THE TASK >> Only lines with the word "length" are wanted; copy each of them from the listing below.

RAW DATA >>
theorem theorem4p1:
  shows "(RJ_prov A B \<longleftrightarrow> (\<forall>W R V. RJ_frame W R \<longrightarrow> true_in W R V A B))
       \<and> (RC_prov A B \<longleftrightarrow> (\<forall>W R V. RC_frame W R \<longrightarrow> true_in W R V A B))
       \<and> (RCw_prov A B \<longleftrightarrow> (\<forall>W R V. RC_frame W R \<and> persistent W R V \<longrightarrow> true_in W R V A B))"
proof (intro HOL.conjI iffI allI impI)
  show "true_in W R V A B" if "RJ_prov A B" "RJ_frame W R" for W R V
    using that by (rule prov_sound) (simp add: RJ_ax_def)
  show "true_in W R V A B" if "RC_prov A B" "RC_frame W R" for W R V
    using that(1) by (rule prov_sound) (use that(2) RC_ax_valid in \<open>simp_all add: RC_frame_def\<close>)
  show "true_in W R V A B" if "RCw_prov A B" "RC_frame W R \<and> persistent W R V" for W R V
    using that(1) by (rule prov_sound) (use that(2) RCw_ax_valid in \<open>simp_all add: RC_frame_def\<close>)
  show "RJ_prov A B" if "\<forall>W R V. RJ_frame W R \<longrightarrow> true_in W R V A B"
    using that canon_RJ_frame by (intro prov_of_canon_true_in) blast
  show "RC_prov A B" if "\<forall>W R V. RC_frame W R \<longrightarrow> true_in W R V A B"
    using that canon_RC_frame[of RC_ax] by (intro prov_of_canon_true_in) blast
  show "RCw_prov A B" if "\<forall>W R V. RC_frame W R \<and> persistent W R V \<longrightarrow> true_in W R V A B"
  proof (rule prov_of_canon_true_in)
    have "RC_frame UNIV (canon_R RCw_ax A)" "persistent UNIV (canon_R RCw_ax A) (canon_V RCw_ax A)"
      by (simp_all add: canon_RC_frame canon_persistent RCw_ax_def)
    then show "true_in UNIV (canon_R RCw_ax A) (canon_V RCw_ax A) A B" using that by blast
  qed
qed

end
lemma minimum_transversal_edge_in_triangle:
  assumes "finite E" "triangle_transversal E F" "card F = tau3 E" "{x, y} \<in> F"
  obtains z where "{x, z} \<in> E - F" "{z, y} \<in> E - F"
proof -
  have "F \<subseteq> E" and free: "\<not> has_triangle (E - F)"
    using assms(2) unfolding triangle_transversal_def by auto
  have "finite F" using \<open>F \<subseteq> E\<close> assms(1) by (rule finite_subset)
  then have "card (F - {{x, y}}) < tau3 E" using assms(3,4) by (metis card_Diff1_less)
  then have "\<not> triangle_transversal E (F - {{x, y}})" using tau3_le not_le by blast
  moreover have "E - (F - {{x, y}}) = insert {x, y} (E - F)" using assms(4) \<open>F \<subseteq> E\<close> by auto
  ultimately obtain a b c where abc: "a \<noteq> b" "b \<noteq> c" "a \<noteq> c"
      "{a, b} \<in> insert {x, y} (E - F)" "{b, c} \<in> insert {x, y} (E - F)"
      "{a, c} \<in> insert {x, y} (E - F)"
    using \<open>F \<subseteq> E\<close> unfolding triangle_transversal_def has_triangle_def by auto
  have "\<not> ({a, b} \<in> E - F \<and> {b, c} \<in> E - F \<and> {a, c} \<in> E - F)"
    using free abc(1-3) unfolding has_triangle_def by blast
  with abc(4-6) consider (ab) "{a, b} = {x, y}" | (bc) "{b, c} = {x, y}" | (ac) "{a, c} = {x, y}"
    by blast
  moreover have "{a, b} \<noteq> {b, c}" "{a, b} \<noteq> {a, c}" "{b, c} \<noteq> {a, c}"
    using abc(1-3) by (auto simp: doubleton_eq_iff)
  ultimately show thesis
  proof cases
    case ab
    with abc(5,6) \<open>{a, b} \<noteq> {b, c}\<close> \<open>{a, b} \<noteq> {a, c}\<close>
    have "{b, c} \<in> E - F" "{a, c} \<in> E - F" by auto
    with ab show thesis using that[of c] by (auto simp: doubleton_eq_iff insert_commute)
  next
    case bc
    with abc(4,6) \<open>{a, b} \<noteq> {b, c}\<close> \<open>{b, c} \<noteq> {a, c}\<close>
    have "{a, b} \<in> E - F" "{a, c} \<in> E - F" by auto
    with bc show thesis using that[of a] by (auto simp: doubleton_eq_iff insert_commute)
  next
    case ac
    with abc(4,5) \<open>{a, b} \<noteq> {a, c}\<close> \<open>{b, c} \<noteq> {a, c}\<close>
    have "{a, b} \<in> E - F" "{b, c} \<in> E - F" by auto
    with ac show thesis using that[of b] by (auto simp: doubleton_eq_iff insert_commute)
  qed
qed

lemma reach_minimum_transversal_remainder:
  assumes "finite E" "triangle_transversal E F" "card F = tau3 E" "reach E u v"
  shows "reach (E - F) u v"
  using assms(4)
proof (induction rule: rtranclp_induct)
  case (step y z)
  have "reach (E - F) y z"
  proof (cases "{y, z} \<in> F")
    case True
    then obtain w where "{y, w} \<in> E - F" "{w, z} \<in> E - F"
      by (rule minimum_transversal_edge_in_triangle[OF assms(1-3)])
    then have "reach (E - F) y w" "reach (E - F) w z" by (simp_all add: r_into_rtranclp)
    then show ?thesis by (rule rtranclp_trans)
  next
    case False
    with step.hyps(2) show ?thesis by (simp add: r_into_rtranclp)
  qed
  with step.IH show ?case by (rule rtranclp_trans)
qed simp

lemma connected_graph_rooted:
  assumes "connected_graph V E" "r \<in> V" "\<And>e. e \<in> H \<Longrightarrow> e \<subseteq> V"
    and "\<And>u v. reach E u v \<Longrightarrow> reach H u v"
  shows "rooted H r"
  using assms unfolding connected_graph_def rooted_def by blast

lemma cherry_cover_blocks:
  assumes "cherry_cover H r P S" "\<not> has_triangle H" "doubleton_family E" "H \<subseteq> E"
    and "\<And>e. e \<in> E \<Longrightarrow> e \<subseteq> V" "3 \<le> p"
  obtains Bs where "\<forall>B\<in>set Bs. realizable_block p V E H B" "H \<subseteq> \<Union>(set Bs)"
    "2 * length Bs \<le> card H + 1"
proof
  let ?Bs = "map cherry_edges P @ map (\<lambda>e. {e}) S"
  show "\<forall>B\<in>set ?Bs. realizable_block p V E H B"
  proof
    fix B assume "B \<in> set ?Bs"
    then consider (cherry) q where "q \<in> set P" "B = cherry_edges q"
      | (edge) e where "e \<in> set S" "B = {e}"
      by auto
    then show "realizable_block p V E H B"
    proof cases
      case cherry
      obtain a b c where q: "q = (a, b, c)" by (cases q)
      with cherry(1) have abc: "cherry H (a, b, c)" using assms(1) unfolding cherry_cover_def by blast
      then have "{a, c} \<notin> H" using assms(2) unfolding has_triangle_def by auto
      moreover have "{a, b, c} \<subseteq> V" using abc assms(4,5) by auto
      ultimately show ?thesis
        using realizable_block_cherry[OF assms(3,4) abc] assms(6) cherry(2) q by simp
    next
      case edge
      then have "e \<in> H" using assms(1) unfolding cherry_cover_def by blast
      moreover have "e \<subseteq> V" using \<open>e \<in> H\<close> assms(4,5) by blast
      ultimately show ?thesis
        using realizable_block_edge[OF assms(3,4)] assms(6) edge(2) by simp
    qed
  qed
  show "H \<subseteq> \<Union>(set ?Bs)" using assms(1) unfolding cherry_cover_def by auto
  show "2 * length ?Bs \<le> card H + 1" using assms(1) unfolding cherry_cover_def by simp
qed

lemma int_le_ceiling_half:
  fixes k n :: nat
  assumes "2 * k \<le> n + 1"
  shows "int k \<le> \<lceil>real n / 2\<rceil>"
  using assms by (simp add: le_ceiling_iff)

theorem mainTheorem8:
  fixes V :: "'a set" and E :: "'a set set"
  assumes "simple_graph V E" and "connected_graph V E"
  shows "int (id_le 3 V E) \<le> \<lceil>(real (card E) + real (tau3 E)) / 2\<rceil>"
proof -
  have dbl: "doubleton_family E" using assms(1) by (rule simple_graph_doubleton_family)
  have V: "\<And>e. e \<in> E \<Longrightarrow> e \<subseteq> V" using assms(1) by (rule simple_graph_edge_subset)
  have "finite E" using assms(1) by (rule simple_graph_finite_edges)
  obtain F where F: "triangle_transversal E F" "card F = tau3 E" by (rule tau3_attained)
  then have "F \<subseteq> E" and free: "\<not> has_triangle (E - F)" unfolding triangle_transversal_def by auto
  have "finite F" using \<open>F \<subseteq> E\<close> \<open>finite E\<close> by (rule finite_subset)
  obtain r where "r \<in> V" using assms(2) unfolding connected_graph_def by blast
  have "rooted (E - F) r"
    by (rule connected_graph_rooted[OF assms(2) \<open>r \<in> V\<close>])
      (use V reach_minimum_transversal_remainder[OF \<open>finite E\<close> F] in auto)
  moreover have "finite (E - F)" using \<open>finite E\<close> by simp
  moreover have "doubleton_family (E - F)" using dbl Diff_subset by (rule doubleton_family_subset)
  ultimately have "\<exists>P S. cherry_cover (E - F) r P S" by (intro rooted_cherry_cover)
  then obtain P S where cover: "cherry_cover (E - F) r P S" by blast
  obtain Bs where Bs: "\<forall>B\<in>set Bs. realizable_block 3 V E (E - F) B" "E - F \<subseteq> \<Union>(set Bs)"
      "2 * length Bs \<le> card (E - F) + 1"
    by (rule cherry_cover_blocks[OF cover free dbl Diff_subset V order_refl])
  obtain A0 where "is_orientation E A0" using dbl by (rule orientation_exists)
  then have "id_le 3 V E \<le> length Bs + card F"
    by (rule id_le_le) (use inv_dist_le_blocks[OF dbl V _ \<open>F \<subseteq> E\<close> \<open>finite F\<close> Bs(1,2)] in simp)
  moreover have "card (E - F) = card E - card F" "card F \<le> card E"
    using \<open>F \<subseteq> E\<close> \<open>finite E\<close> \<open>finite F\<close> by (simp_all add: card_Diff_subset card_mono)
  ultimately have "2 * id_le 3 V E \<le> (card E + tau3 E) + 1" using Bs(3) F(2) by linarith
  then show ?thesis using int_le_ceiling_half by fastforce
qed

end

ANSWER SECTION >>
    "2 * length Bs \<le> card H + 1"
  show "2 * length ?Bs \<le> card H + 1" using assms(1) unfolding cherry_cover_def by simp
      "2 * length Bs \<le> card (E - F) + 1"
  then have "id_le 3 V E \<le> length Bs + card F"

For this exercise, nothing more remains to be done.